• **ASSIGNED TASK**: Line filter on the word "longleftrightarrow": copy each matching line from the entries.

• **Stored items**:
*** Begin section ***

lemma finite_LevS: "finite (LevS d n t)"
  using finite_subset[OF _ finite_Dom_Un_Bd] LevS_subset_Dom by blast

lemma JS_subset_Bd: "JS d n t \<subseteq> Bd d n"
  by (auto simp: JS_def KSminus_def KSplus_def Kminus_def Kplus_def)

lemma LevS_JS_disjoint: "LevS d n t \<inter> JS d n s = {}"
  using LevS_subset_Dom JS_subset_Bd Dom_Bd_disjoint by blast

lemma dirichlet_data_iff:
  assumes S: "S = I \<union> L" and "I \<inter> L = {}" and "S \<inter> J = {}" and x: "supp_in L x"
  shows "supp_in (S \<union> J) u \<and> (\<forall>q\<in>L. u q = x q) \<and> (\<forall>b\<in>J. u b = 0)
    \<longleftrightarrow> (\<forall>q. q \<notin> I \<longrightarrow> u q = x q)"
proof
  assume u: "supp_in (S \<union> J) u \<and> (\<forall>q\<in>L. u q = x q) \<and> (\<forall>b\<in>J. u b = 0)"
  show "\<forall>q. q \<notin> I \<longrightarrow> u q = x q"
  proof (intro allI impI)
    fix q assume "q \<notin> I"
    show "u q = x q"
    proof (cases "q \<in> L")
      case False
      then have "u q = 0"
        using u \<open>q \<notin> I\<close> S by (cases "q \<in> J") (auto simp: supp_in_def)
      moreover have "x q = 0"
        using x False by (simp add: supp_in_def)
      ultimately show ?thesis
        by simp
    qed (use u in simp)
  qed
next
  assume u: "\<forall>q. q \<notin> I \<longrightarrow> u q = x q"
  have "q \<notin> I" if "q \<in> J \<or> q \<in> L" for q
    using that assms(2,3) S by blast
  moreover have "q \<notin> L" if "q \<in> J" for q
    using that assms(3) S by blast
  ultimately show "supp_in (S \<union> J) u \<and> (\<forall>q\<in>L. u q = x q) \<and> (\<forall>b\<in>J. u b = 0)"
    using u x S by (auto simp: supp_in_def)
qed

locale positive_conductivity =
  fixes d n :: nat and \<gamma> :: "int list \<Rightarrow> int list \<Rightarrow> real"
  assumes dim_pos: "1 \<le> d"
    and conductivity_pos: "\<And>p q. edge d n p q \<Longrightarrow> 0 < \<gamma> p q"
begin

lemma kirchhoff_at_max:
  assumes "kirchhoff d n \<gamma> w p" and max: "\<And>r. w r \<le> w p" and r: "r \<in> nbrs d n p"
  shows "w r = w p"
proof -
  have terms_nonpos: "\<gamma> p s * (w s - w p) \<le> 0" if "s \<in> nbrs d n p" for s
    using conductivity_pos[of p s] max[of s] that by (simp add: nbrs_def mult_nonneg_nonpos)
  have "(\<Sum>s\<in>nbrs d n p. - (\<gamma> p s * (w s - w p))) = 0"
    using \<open>kirchhoff d n \<gamma> w p\<close> by (simp add: kirchhoff_def sum_negf)
  then have "\<gamma> p r * (w r - w p) = 0"
    using terms_nonpos r finite_nbrs by (subst (asm) sum_nonneg_eq_0_iff) auto
  then show ?thesis
    using conductivity_pos[of p r] r by (simp add: nbrs_def)
qed

text \<open>Among the points where w attains a positive maximum, one of largest level would
  pass the maximum on to its neighbour one level up, which must then lie in I as well.\<close>

lemma harmonic_nonpos:
  assumes "finite I" and "I \<subseteq> Dom d n" and supp: "supp_in I w"
    and harm: "\<forall>p\<in>I. kirchhoff d n \<gamma> w p"
  shows "w q \<le> 0"
proof (rule ccontr)
  assume "\<not> w q \<le> 0"
  then have "q \<in> I" "w q > 0"
    using supp by (auto simp: supp_in_def)
  define M where "M = Max (w ` I)"
  have "M \<in> w ` I"
    unfolding M_def using \<open>finite I\<close> \<open>q \<in> I\<close> by (intro Max_in) auto
  have "w q \<le> M"
    unfolding M_def using \<open>finite I\<close> \<open>q \<in> I\<close> by (intro Max_ge) auto
  then have "M > 0"
    using \<open>w q > 0\<close> by simp
  have le_M: "w r \<le> M" for r
    using \<open>finite I\<close> \<open>M > 0\<close> supp by (cases "r \<in> I") (auto simp: M_def supp_in_def)
  define Ms where "Ms = {p \<in> I. w p = M}"
  have "finite (ssum ` Ms)" "ssum ` Ms \<noteq> {}"
    using \<open>finite I\<close> \<open>M \<in> w ` I\<close> by (auto simp: Ms_def)
  then have "Max (ssum ` Ms) \<in> ssum ` Ms"
    by (rule Max_in)
  then obtain p where p: "p \<in> Ms" "ssum p = Max (ssum ` Ms)"
    by auto
  obtain r where r: "r \<in> nbrs d n p" "ssum r = ssum p + 1"
    using ex_nbr_ssum_Suc[OF dim_pos, of p] p(1) \<open>I \<subseteq> Dom d n\<close> by (auto simp: Ms_def)
  have "w r = M"
    using kirchhoff_at_max[OF _ _ r(1)] harm le_M p(1) by (auto simp: Ms_def)
  then have "r \<in> Ms"
    using \<open>M > 0\<close> supp by (auto simp: Ms_def supp_in_def)
  then have "ssum r \<le> ssum p"
    using p(2) \<open>finite (ssum ` Ms)\<close> by simp
  then show False
    using r(2) by simp
qed

lemma maximum_principle:
  assumes "finite I" and "I \<subseteq> Dom d n" and supp: "supp_in I w"
    and harm: "\<forall>p\<in>I. kirchhoff d n \<gamma> w p"
  shows "w = (\<lambda>_. 0)"
proof
  fix q
  have "- w q \<le> 0"
  proof (rule harmonic_nonpos[OF assms(1,2)])
    show "supp_in I (\<lambda>q. - w q)"
      using supp by (simp add: supp_in_def)
    show "\<forall>p\<in>I. kirchhoff d n \<gamma> (\<lambda>q. - w q) p"
      using harm laplacian_scale[of d n \<gamma> "- 1" w] by (simp add: kirchhoff_iff_laplacian)
  qed
  moreover have "w q \<le> 0"
    using harmonic_nonpos[OF assms] .
  ultimately show "w q = 0"
    by simp
qed

lemma dirichlet_unique:
  assumes "finite I" and "I \<subseteq> Dom d n"
    and "\<forall>q. q \<notin> I \<longrightarrow> u q = v q"
    and "\<forall>p\<in>I. kirchhoff d n \<gamma> u p" and "\<forall>p\<in>I. kirchhoff d n \<gamma> v p"
  shows "u = v"
proof -
  have "(\<lambda>q. u q - v q) = (\<lambda>_. 0)"
    using assms(3-5)
    by (intro maximum_principle[OF assms(1,2)]) (auto simp: supp_in_def kirchhoff_iff_laplacian laplacian_diff)
  then show ?thesis
    by (simp add: fun_eq_iff)
qed

text \<open>Existence follows from uniqueness: by the maximum principle the Laplacian is injective
  on functions supported in the finite set I, hence onto.\<close>

lemma dirichlet_exists:
  fixes g :: "int list \<Rightarrow> real"
  assumes "finite I" and "I \<subseteq> Dom d n"
  shows "\<exists>u. (\<forall>q. q \<notin> I \<longrightarrow> u q = g q) \<and> (\<forall>p\<in>I. kirchhoff d n \<gamma> u p)"
proof -
  define F where "F w p = (if p \<in> I then laplacian d n \<gamma> w p else 0)" for w p
  have "\<exists>w. supp_in I w \<and> F w = (\<lambda>p. if p \<in> I then - laplacian d n \<gamma> g p else 0)"
  proof (rule inj_on_finite_support_imp_surj[OF \<open>finite I\<close>])
    show "F (a + b) = F a + F b" for a b
      by (simp add: F_def fun_eq_iff plus_fun_def laplacian_add)
    show "F (\<lambda>x. c * a x) = (\<lambda>x. c * F a x)" for c a
      by (simp add: F_def fun_eq_iff laplacian_scale)
    show "supp_in I (F w)" for w
      by (simp add: F_def supp_in_def)
    show "supp_in I (\<lambda>p. if p \<in> I then - laplacian d n \<gamma> g p else 0)"
      by (simp add: supp_in_def)
    fix w assume w: "supp_in I w" "F w = 0"
    have "kirchhoff d n \<gamma> w p" if "p \<in> I" for p
      using fun_cong[OF w(2), of p] that by (simp add: F_def kirchhoff_iff_laplacian)
    then show "w = 0"
      using maximum_principle[OF assms w(1)] by (simp add: zero_fun_def)
  qed
  then obtain w where w: "supp_in I w" "F w = (\<lambda>p. if p \<in> I then - laplacian d n \<gamma> g p else 0)"
    by blast
  have "kirchhoff d n \<gamma> (\<lambda>q. w q + g q) p" if "p \<in> I" for p
    using fun_cong[OF w(2), of p] that by (simp add: F_def kirchhoff_iff_laplacian laplacian_add)
  moreover have "w q + g q = g q" if "q \<notin> I" for q
    using w(1) that by (simp add: supp_in_def)
  ultimately show ?thesis
    by (intro exI[of _ "\<lambda>q. w q + g q"]) simp
qed

lemma eq_harmonic_ext_iff:
  assumes "finite I" and "I \<subseteq> Dom d n"
  shows "u = harmonic_ext d n \<gamma> I g \<longleftrightarrow>
    (\<forall>q. q \<notin> I \<longrightarrow> u q = g q) \<and> (\<forall>p\<in>I. kirchhoff d n \<gamma> u p)"
proof -
  let ?P = "\<lambda>u. (\<forall>q. q \<notin> I \<longrightarrow> u q = g q) \<and> (\<forall>p\<in>I. kirchhoff d n \<gamma> u p)"
  obtain v where v: "?P v"
    using dirichlet_exists[OF assms] by blast
  have unique: "u = v" if "?P u" for u
    using that v by (intro dirichlet_unique[OF assms]) auto
  have ext: "harmonic_ext d n \<gamma> I g = v"
    unfolding harmonic_ext_def using v unique by (rule the_equality)
  show ?thesis
  proof
    assume "u = harmonic_ext d n \<gamma> I g"
    then show "?P u"
      using v ext by simp
  next
    assume "?P u"
    then show "u = harmonic_ext d n \<gamma> I g"
      using unique ext by simp
  qed
qed

lemma T2'_eq_laplacian_harmonic_ext:
  assumes "supp_in (Lev d n t) x"
  shows "T2' d n \<gamma> t x = (\<lambda>b. if b \<in> JS d n (t - 1)
    then laplacian d n \<gamma> (harmonic_ext d n \<gamma> (LevS d n (t - 1)) x) b else 0)"
proof -
  let ?I = "LevS d n (t - 1)" and ?J = "JS d n (t - 1)"
  have solution_iff: "supp_in (LevS d n t \<union> ?J) u \<and> (\<forall>q\<in>Lev d n t. u q = x q)
      \<and> (\<forall>b\<in>?J. u b = 0) \<and> (\<forall>p\<in>?I. kirchhoff d n \<gamma> u p) \<longleftrightarrow> u = harmonic_ext d n \<gamma> ?I x"
    for u
    using dirichlet_data_iff[OF LevS_pred_Un_Lev[of d n t, symmetric] LevS_pred_Lev_disjoint
        LevS_JS_disjoint[of d n t "t - 1"] assms, of u]
      eq_harmonic_ext_iff[OF finite_LevS[of d n "t - 1"] LevS_subset_Dom, of u x]
    by blast
  \<comment> \<open>T2'_def stores its predicate eta-contracted, so the THE is rewritten by unification
    with the_equality rather than by the simplifier.\<close>
  show ?thesis
    unfolding T2'_def
    by (subst the_equality[where a = "harmonic_ext d n \<gamma> ?I x"];
        (rule solution_iff[THEN iffD2, OF refl] | erule solution_iff[THEN iffD1]
          | simp add: Let_def fun_eq_iff laplacian_Bd JS_subset_Bd[of d n "t - 1", THEN subsetD]))
qed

*** End section ***

• **TASK OUTPUT**:
    \<longleftrightarrow> (\<forall>q. q \<notin> I \<longrightarrow> u q = x q)"
  shows "u = harmonic_ext d n \<gamma> I g \<longleftrightarrow>
      \<and> (\<forall>b\<in>?J. u b = 0) \<and> (\<forall>p\<in>?I. kirchhoff d n \<gamma> u p) \<longleftrightarrow> u = harmonic_ext d n \<gamma> ?I x"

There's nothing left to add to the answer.